▶ [Activity] When the string "using" occurs in a line of the records, show that line.

▶ [Provided entries]
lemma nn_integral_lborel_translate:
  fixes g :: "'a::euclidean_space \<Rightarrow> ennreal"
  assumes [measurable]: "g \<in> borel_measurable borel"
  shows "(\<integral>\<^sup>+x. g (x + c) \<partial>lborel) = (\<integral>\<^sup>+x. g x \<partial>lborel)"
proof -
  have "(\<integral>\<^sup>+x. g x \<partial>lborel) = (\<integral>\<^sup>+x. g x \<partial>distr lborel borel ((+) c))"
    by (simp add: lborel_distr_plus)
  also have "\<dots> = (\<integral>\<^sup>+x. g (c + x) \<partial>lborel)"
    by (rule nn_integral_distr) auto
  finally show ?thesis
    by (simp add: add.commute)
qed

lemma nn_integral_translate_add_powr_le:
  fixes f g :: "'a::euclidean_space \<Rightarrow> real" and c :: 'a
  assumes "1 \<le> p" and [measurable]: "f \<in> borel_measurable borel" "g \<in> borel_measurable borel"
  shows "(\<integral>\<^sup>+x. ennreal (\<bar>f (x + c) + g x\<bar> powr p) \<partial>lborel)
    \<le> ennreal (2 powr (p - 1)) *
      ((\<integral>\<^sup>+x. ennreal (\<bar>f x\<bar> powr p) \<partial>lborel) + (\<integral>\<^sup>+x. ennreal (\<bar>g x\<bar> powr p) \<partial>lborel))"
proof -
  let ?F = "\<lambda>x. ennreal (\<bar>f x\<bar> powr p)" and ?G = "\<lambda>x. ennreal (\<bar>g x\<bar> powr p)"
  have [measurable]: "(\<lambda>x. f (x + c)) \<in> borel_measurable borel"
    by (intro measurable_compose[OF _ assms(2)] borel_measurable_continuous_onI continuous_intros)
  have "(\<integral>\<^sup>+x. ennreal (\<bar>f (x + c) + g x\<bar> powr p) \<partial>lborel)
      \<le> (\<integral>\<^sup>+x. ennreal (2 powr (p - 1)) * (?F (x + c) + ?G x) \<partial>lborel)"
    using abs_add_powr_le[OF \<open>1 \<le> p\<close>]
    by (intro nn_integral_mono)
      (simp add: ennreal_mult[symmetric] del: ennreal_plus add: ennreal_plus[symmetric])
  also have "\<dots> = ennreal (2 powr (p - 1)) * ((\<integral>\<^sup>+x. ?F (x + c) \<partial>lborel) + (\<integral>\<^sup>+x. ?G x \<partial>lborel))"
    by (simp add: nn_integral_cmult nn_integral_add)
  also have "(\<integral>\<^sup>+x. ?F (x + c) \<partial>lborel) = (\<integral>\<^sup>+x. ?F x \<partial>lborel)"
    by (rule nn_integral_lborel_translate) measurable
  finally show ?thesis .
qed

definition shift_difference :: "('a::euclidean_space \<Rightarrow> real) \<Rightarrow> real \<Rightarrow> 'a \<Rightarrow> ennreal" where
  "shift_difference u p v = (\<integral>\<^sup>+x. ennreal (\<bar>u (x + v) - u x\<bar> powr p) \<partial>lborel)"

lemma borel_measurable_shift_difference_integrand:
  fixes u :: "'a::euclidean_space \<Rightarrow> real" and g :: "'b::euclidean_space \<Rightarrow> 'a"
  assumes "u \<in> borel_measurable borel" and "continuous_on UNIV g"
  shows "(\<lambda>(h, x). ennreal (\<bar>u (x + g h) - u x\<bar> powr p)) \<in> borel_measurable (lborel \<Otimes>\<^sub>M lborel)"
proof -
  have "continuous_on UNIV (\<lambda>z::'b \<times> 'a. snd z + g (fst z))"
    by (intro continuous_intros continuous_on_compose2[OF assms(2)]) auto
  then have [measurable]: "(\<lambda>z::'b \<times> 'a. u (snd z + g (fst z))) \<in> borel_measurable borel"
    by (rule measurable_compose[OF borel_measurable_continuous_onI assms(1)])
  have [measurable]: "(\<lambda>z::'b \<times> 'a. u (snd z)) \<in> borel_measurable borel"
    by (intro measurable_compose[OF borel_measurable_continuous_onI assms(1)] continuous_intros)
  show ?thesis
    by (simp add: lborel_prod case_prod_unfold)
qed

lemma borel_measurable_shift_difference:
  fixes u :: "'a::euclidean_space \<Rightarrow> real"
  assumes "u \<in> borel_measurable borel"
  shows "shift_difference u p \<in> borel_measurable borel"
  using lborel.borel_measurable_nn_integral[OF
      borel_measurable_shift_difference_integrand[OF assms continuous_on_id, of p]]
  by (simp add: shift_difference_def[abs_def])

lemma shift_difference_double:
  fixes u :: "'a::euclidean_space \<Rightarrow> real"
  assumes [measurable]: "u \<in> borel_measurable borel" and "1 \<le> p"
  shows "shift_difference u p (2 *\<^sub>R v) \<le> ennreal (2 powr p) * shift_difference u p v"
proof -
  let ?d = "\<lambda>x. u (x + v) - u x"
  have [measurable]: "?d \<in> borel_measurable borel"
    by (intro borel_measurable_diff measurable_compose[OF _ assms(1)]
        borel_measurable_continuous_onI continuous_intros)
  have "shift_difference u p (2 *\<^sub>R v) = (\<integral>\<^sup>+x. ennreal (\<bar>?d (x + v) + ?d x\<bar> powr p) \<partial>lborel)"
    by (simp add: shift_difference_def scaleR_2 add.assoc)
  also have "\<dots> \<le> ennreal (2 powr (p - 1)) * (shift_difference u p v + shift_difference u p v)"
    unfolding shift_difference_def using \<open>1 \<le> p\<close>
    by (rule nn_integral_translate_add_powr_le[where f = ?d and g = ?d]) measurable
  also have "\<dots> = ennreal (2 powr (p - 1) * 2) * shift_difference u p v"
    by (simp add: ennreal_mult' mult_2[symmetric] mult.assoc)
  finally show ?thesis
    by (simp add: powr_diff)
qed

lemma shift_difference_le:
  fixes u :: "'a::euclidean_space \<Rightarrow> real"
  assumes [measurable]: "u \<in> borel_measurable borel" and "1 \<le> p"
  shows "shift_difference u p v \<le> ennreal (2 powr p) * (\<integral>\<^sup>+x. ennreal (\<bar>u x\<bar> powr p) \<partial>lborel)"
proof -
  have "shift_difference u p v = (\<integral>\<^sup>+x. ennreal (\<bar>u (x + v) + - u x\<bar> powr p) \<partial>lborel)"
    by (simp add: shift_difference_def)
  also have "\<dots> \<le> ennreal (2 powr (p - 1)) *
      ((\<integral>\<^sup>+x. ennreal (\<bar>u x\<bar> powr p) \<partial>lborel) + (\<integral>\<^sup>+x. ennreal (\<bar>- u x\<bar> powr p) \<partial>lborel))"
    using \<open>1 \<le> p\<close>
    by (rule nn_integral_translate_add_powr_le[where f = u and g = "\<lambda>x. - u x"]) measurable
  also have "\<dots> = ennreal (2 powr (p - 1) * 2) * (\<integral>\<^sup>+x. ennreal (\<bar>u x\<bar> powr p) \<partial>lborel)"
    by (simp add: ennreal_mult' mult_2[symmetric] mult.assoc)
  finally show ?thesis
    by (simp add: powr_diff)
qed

▶ [Your solution]
    using abs_add_powr_le[OF \<open>1 \<le> p\<close>]
  using lborel.borel_measurable_nn_integral[OF
    unfolding shift_difference_def using \<open>1 \<le> p\<close>
    using \<open>1 \<le> p\<close>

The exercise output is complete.